--- ABOUT THIS EXERCISE ---
Your reply must consist of the data below, reproduced character for character.

>>>>>

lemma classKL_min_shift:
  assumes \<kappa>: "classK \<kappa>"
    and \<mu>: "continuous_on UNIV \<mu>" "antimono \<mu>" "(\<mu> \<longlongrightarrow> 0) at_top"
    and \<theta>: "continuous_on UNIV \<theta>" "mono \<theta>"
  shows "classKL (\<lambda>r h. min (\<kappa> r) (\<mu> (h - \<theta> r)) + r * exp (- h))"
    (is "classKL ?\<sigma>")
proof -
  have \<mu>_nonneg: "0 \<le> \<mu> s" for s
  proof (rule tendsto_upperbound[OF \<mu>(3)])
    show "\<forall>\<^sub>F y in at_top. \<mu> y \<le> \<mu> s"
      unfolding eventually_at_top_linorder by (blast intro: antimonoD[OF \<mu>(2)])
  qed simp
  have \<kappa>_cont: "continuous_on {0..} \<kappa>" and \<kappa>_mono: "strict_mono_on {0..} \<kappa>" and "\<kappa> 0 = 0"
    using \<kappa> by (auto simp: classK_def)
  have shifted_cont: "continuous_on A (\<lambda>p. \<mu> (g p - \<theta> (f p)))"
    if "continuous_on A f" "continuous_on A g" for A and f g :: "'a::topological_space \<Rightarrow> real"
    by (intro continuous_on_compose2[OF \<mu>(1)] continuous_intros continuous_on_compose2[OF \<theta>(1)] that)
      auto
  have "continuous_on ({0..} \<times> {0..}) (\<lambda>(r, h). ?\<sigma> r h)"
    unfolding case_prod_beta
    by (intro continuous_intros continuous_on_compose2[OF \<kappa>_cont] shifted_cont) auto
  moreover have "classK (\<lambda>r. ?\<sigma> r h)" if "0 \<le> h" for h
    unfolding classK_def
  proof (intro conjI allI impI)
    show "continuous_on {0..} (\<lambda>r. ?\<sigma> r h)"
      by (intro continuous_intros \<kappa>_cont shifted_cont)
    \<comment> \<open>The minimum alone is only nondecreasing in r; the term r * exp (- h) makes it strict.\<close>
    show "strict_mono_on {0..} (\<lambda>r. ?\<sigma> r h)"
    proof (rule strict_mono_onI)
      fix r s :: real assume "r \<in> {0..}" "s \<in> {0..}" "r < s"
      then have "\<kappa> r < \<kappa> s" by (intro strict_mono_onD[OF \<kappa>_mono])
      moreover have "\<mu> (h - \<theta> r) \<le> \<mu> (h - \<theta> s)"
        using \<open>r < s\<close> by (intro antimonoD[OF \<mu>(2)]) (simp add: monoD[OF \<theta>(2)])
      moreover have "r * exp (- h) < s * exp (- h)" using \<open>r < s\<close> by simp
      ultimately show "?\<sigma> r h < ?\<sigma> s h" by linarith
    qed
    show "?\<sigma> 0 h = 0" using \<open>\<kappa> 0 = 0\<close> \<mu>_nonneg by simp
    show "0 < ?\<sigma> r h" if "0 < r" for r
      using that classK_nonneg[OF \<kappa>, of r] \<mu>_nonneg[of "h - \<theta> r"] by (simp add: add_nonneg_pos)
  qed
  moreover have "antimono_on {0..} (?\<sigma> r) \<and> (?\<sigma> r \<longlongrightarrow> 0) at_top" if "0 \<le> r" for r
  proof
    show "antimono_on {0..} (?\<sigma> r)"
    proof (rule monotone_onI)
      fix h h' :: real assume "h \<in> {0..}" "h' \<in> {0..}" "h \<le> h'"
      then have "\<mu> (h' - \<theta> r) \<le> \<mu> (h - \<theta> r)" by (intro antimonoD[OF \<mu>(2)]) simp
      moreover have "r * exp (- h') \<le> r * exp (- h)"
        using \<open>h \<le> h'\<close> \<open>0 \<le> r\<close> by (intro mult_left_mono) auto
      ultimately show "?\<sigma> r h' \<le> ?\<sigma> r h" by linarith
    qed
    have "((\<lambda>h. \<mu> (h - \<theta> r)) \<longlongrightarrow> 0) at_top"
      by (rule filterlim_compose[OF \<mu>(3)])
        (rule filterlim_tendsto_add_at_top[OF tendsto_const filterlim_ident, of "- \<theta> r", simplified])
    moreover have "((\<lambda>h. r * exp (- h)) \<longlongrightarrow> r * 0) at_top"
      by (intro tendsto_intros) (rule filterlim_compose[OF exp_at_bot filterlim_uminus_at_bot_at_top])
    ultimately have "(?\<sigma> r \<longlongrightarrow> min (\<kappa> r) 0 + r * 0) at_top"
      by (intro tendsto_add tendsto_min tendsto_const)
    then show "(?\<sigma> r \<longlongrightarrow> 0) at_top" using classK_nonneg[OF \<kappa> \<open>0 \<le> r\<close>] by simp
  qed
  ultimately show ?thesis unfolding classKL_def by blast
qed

<<<<<

--- SOLUTION ---
lemma classKL_min_shift:
  assumes \<kappa>: "classK \<kappa>"
    and \<mu>: "continuous_on UNIV \<mu>" "antimono \<mu>" "(\<mu> \<longlongrightarrow> 0) at_top"
    and \<theta>: "continuous_on UNIV \<theta>" "mono \<theta>"
  shows "classKL (\<lambda>r h. min (\<kappa> r) (\<mu> (h - \<theta> r)) + r * exp (- h))"
    (is "classKL ?\<sigma>")
proof -
  have \<mu>_nonneg: "0 \<le> \<mu> s" for s
  proof (rule tendsto_upperbound[OF \<mu>(3)])
    show "\<forall>\<^sub>F y in at_top. \<mu> y \<le> \<mu> s"
      unfolding eventually_at_top_linorder by (blast intro: antimonoD[OF \<mu>(2)])
  qed simp
  have \<kappa>_cont: "continuous_on {0..} \<kappa>" and \<kappa>_mono: "strict_mono_on {0..} \<kappa>" and "\<kappa> 0 = 0"
    using \<kappa> by (auto simp: classK_def)
  have shifted_cont: "continuous_on A (\<lambda>p. \<mu> (g p - \<theta> (f p)))"
    if "continuous_on A f" "continuous_on A g" for A and f g :: "'a::topological_space \<Rightarrow> real"
    by (intro continuous_on_compose2[OF \<mu>(1)] continuous_intros continuous_on_compose2[OF \<theta>(1)] that)
      auto
  have "continuous_on ({0..} \<times> {0..}) (\<lambda>(r, h). ?\<sigma> r h)"
    unfolding case_prod_beta
    by (intro continuous_intros continuous_on_compose2[OF \<kappa>_cont] shifted_cont) auto
  moreover have "classK (\<lambda>r. ?\<sigma> r h)" if "0 \<le> h" for h
    unfolding classK_def
  proof (intro conjI allI impI)
    show "continuous_on {0..} (\<lambda>r. ?\<sigma> r h)"
      by (intro continuous_intros \<kappa>_cont shifted_cont)
    \<comment> \<open>The minimum alone is only nondecreasing in r; the term r * exp (- h) makes it strict.\<close>
    show "strict_mono_on {0..} (\<lambda>r. ?\<sigma> r h)"
    proof (rule strict_mono_onI)
      fix r s :: real assume "r \<in> {0..}" "s \<in> {0..}" "r < s"
      then have "\<kappa> r < \<kappa> s" by (intro strict_mono_onD[OF \<kappa>_mono])
      moreover have "\<mu> (h - \<theta> r) \<le> \<mu> (h - \<theta> s)"
        using \<open>r < s\<close> by (intro antimonoD[OF \<mu>(2)]) (simp add: monoD[OF \<theta>(2)])
      moreover have "r * exp (- h) < s * exp (- h)" using \<open>r < s\<close> by simp
      ultimately show "?\<sigma> r h < ?\<sigma> s h" by linarith
    qed
    show "?\<sigma> 0 h = 0" using \<open>\<kappa> 0 = 0\<close> \<mu>_nonneg by simp
    show "0 < ?\<sigma> r h" if "0 < r" for r
      using that classK_nonneg[OF \<kappa>, of r] \<mu>_nonneg[of "h - \<theta> r"] by (simp add: add_nonneg_pos)
  qed
  moreover have "antimono_on {0..} (?\<sigma> r) \<and> (?\<sigma> r \<longlongrightarrow> 0) at_top" if "0 \<le> r" for r
  proof
    show "antimono_on {0..} (?\<sigma> r)"
    proof (rule monotone_onI)
      fix h h' :: real assume "h \<in> {0..}" "h' \<in> {0..}" "h \<le> h'"
      then have "\<mu> (h' - \<theta> r) \<le> \<mu> (h - \<theta> r)" by (intro antimonoD[OF \<mu>(2)]) simp
      moreover have "r * exp (- h') \<le> r * exp (- h)"
        using \<open>h \<le> h'\<close> \<open>0 \<le> r\<close> by (intro mult_left_mono) auto
      ultimately show "?\<sigma> r h' \<le> ?\<sigma> r h" by linarith
    qed
    have "((\<lambda>h. \<mu> (h - \<theta> r)) \<longlongrightarrow> 0) at_top"
      by (rule filterlim_compose[OF \<mu>(3)])
        (rule filterlim_tendsto_add_at_top[OF tendsto_const filterlim_ident, of "- \<theta> r", simplified])
    moreover have "((\<lambda>h. r * exp (- h)) \<longlongrightarrow> r * 0) at_top"
      by (intro tendsto_intros) (rule filterlim_compose[OF exp_at_bot filterlim_uminus_at_bot_at_top])
    ultimately have "(?\<sigma> r \<longlongrightarrow> min (\<kappa> r) 0 + r * 0) at_top"
      by (intro tendsto_add tendsto_min tendsto_const)
    then show "(?\<sigma> r \<longlongrightarrow> 0) at_top" using classK_nonneg[OF \<kappa> \<open>0 \<le> r\<close>] by simp
  qed
  ultimately show ?thesis unfolding classKL_def by blast
qed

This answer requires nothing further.